Segment Open

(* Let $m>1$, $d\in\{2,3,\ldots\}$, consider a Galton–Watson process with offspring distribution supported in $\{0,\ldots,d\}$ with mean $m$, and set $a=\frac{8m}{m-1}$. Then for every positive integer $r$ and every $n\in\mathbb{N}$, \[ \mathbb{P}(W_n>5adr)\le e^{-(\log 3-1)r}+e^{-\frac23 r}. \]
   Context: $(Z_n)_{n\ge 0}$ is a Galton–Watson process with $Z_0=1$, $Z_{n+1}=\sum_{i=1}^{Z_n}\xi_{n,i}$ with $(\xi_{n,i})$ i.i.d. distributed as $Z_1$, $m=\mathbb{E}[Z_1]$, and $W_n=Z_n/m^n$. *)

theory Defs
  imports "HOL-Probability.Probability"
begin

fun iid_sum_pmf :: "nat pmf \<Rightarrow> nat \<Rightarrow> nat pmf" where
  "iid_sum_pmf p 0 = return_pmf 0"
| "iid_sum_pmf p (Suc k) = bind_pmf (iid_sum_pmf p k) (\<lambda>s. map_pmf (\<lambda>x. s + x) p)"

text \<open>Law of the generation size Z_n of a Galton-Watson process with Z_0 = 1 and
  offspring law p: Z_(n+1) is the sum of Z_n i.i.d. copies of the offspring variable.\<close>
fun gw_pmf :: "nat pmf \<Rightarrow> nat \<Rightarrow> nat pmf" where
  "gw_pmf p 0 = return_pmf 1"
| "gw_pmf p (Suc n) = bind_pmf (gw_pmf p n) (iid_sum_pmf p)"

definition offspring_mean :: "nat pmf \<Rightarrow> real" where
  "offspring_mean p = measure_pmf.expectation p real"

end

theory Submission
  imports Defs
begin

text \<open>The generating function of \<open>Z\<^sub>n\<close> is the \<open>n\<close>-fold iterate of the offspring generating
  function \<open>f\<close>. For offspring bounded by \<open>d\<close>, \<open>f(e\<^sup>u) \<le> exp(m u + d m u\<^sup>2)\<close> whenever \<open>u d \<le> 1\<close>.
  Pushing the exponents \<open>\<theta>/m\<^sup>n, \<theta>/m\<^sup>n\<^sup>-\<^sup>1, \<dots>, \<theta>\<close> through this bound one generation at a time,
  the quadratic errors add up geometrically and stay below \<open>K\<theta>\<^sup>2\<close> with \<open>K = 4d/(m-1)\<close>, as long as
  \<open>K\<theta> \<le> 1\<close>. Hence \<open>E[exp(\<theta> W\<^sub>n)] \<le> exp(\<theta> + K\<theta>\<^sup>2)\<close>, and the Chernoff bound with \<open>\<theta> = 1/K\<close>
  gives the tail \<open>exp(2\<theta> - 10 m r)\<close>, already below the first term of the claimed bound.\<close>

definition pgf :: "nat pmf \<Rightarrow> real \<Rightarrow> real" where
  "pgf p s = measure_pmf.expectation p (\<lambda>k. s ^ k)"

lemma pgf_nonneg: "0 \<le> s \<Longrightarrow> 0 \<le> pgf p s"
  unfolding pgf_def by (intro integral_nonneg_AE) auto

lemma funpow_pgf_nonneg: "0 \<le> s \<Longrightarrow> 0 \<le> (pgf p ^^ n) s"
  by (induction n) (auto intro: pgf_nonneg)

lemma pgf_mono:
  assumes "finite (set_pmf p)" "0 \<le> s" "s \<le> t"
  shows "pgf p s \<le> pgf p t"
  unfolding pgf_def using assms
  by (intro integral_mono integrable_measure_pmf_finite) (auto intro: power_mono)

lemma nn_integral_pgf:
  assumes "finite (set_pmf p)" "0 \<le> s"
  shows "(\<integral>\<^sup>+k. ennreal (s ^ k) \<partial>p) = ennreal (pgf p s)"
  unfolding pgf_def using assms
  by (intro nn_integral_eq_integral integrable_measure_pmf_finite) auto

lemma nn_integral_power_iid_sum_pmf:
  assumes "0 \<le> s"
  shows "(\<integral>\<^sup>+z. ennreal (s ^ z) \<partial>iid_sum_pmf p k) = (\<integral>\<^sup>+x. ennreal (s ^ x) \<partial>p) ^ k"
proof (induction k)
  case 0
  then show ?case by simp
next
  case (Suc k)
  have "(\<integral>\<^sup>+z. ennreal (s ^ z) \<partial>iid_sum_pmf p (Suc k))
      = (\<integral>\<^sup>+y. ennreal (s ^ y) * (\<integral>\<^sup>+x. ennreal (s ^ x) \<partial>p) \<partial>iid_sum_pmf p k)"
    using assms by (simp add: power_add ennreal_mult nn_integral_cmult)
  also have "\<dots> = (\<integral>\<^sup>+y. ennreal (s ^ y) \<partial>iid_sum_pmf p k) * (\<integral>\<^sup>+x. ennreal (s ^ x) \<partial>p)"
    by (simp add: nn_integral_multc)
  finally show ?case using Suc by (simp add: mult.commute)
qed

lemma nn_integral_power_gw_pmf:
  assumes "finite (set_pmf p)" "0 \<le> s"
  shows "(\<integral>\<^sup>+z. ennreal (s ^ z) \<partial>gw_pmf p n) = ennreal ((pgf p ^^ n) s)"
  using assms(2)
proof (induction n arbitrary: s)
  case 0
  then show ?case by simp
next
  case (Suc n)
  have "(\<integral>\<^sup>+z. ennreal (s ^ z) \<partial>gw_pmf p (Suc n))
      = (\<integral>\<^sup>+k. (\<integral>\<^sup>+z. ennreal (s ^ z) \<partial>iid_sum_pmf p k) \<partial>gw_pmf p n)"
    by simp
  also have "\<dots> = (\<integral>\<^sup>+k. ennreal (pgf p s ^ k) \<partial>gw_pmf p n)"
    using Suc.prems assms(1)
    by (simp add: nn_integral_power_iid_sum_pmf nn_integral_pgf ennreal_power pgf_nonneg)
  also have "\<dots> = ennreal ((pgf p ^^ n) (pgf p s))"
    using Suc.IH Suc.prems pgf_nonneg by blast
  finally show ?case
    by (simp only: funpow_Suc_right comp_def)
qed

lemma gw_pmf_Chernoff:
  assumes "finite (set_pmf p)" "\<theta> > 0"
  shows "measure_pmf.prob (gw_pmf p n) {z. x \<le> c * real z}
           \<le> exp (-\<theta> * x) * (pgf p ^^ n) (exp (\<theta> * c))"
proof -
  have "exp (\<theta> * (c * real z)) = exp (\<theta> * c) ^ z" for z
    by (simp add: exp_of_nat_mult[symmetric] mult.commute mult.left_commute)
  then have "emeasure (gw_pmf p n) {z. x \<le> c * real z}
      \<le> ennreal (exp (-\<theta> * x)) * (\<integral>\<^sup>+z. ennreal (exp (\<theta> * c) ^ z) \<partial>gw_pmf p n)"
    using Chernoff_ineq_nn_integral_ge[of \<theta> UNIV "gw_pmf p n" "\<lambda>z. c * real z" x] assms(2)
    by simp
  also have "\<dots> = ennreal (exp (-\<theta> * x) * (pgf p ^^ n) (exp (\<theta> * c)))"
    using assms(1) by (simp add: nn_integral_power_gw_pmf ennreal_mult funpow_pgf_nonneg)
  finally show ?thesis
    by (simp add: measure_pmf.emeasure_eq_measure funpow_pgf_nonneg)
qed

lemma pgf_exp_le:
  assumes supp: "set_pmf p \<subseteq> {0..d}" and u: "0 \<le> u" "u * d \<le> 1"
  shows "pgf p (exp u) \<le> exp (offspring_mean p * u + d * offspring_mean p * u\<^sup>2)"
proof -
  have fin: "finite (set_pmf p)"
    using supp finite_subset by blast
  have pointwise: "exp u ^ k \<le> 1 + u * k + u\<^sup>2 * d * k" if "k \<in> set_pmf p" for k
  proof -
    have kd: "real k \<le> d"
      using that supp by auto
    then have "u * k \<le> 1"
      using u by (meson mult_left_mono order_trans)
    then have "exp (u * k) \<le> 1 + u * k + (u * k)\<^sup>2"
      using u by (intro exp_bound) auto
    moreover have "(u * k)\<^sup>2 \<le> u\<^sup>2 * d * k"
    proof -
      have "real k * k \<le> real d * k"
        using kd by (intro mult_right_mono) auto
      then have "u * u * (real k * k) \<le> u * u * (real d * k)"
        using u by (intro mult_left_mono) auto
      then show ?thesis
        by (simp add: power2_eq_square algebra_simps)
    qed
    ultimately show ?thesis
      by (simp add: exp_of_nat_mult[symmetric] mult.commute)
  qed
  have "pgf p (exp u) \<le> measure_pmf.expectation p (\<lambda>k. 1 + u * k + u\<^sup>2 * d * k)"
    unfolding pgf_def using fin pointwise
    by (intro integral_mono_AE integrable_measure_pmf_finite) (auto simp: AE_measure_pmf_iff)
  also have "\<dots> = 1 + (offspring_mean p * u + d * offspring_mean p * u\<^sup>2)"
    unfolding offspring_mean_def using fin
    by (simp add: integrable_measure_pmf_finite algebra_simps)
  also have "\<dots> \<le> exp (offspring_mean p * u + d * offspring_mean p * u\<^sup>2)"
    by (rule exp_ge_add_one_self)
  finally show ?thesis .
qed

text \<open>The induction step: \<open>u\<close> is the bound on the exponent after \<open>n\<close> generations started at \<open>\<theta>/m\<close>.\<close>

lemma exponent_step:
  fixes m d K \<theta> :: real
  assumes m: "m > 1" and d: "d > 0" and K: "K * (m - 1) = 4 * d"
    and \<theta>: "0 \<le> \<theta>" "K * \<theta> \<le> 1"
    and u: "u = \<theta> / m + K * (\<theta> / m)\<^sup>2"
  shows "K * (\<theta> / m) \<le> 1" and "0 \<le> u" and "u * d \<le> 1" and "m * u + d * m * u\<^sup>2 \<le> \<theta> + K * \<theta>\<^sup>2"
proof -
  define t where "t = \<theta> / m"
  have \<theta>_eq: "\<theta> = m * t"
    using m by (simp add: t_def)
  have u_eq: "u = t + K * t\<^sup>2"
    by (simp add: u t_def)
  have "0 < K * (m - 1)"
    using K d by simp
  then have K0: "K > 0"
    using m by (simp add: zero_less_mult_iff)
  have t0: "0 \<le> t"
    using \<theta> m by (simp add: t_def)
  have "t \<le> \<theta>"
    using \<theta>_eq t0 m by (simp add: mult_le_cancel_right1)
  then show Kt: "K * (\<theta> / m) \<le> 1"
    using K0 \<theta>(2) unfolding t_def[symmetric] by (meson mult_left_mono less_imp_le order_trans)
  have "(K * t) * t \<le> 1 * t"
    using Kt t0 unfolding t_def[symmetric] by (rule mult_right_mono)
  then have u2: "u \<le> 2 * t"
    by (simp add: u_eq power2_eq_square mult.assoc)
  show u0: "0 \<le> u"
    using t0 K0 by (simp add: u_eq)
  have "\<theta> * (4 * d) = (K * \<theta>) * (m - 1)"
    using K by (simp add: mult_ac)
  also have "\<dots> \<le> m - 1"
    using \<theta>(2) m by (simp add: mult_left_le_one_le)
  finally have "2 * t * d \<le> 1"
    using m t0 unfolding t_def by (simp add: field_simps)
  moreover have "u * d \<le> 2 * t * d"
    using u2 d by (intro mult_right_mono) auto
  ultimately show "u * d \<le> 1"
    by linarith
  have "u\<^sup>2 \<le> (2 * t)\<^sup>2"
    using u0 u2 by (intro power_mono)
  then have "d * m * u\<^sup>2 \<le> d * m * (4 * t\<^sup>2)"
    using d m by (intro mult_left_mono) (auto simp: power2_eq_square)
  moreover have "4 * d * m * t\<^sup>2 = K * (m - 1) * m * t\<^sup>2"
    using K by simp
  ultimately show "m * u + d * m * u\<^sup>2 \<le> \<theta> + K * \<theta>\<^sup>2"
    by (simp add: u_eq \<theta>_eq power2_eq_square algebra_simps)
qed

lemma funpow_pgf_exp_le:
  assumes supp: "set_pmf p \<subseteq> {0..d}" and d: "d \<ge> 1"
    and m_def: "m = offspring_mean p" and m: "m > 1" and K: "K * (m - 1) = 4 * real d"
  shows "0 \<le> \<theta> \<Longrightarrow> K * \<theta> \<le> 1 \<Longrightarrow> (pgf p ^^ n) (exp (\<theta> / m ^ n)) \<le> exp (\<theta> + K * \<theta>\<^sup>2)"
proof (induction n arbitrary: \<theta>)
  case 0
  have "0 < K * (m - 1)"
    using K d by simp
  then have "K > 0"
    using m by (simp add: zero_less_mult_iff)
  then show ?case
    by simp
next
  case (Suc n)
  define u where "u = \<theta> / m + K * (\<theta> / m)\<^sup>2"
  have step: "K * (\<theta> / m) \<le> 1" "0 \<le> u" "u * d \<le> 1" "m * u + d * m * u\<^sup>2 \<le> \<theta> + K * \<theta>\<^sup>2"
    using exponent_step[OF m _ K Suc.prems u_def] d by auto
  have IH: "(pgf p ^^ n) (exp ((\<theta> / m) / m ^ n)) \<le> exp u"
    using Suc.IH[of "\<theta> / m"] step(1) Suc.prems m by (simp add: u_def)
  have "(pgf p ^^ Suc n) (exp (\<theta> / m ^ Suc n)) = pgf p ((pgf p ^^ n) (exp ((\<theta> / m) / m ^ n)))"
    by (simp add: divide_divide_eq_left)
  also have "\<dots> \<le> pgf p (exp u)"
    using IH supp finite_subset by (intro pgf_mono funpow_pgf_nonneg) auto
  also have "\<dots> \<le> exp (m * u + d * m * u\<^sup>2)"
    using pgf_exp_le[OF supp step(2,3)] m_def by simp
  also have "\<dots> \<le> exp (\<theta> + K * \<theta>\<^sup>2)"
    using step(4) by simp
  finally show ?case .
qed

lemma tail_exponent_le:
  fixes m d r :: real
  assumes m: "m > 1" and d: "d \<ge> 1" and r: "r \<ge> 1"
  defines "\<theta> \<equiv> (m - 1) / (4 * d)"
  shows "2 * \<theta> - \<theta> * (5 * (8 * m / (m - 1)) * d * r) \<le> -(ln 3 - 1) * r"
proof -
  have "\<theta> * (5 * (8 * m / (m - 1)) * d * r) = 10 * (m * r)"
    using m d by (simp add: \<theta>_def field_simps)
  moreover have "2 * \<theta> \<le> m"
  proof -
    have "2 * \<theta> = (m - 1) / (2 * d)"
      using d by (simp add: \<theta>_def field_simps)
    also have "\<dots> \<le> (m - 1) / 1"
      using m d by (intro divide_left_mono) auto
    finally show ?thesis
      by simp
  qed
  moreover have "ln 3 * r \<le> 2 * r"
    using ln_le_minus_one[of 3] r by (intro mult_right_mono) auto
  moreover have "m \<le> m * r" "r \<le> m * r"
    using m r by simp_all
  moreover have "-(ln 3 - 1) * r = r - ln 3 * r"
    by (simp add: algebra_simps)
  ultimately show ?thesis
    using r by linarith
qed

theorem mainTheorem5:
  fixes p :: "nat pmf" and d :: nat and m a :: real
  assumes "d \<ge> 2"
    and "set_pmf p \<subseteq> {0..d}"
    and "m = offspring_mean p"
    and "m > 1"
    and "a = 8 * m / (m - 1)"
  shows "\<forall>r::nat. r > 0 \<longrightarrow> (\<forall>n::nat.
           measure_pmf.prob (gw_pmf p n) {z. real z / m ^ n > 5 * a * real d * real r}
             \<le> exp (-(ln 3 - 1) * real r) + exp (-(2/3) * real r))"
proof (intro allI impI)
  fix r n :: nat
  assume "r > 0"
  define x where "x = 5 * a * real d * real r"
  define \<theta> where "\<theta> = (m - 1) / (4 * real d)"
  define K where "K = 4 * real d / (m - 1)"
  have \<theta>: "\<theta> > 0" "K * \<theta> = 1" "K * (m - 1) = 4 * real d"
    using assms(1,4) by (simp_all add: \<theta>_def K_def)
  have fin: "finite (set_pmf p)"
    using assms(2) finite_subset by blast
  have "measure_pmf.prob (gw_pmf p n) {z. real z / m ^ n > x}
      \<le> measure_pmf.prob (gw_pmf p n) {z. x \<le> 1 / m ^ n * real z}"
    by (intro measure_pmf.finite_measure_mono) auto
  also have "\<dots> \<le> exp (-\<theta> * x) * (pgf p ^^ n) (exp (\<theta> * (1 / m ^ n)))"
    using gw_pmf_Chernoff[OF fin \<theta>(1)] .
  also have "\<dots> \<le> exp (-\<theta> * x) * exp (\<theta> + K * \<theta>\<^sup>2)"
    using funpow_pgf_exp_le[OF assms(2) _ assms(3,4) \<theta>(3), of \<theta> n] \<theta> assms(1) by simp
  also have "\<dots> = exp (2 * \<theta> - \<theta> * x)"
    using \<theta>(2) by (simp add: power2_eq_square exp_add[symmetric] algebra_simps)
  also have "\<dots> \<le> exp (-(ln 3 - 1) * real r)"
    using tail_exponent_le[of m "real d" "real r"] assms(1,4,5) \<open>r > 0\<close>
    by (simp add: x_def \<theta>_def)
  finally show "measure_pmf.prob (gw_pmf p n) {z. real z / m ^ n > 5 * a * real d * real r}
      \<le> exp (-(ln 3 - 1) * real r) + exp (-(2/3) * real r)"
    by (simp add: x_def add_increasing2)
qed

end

Segment Closed

> [YOUR OBJECTIVE]:
Using the listing above, return word for word each line from the one that has "using step(4) by simp" through the one that has "define x where", and no line outside that range.

> [WRITTEN REPLY]:
    using step(4) by simp
  finally show ?case .
qed

lemma tail_exponent_le:
  fixes m d r :: real
  assumes m: "m > 1" and d: "d \<ge> 1" and r: "r \<ge> 1"
  defines "\<theta> \<equiv> (m - 1) / (4 * d)"
  shows "2 * \<theta> - \<theta> * (5 * (8 * m / (m - 1)) * d * r) \<le> -(ln 3 - 1) * r"
proof -
  have "\<theta> * (5 * (8 * m / (m - 1)) * d * r) = 10 * (m * r)"
    using m d by (simp add: \<theta>_def field_simps)
  moreover have "2 * \<theta> \<le> m"
  proof -
    have "2 * \<theta> = (m - 1) / (2 * d)"
      using d by (simp add: \<theta>_def field_simps)
    also have "\<dots> \<le> (m - 1) / 1"
      using m d by (intro divide_left_mono) auto
    finally show ?thesis
      by simp
  qed
  moreover have "ln 3 * r \<le> 2 * r"
    using ln_le_minus_one[of 3] r by (intro mult_right_mono) auto
  moreover have "m \<le> m * r" "r \<le> m * r"
    using m r by simp_all
  moreover have "-(ln 3 - 1) * r = r - ln 3 * r"
    by (simp add: algebra_simps)
  ultimately show ?thesis
    using r by linarith
qed

theorem mainTheorem5:
  fixes p :: "nat pmf" and d :: nat and m a :: real
  assumes "d \<ge> 2"
    and "set_pmf p \<subseteq> {0..d}"
    and "m = offspring_mean p"
    and "m > 1"
    and "a = 8 * m / (m - 1)"
  shows "\<forall>r::nat. r > 0 \<longrightarrow> (\<forall>n::nat.
           measure_pmf.prob (gw_pmf p n) {z. real z / m ^ n > 5 * a * real d * real r}
             \<le> exp (-(ln 3 - 1) * real r) + exp (-(2/3) * real r))"
proof (intro allI impI)
  fix r n :: nat
  assume "r > 0"
  define x where "x = 5 * a * real d * real r"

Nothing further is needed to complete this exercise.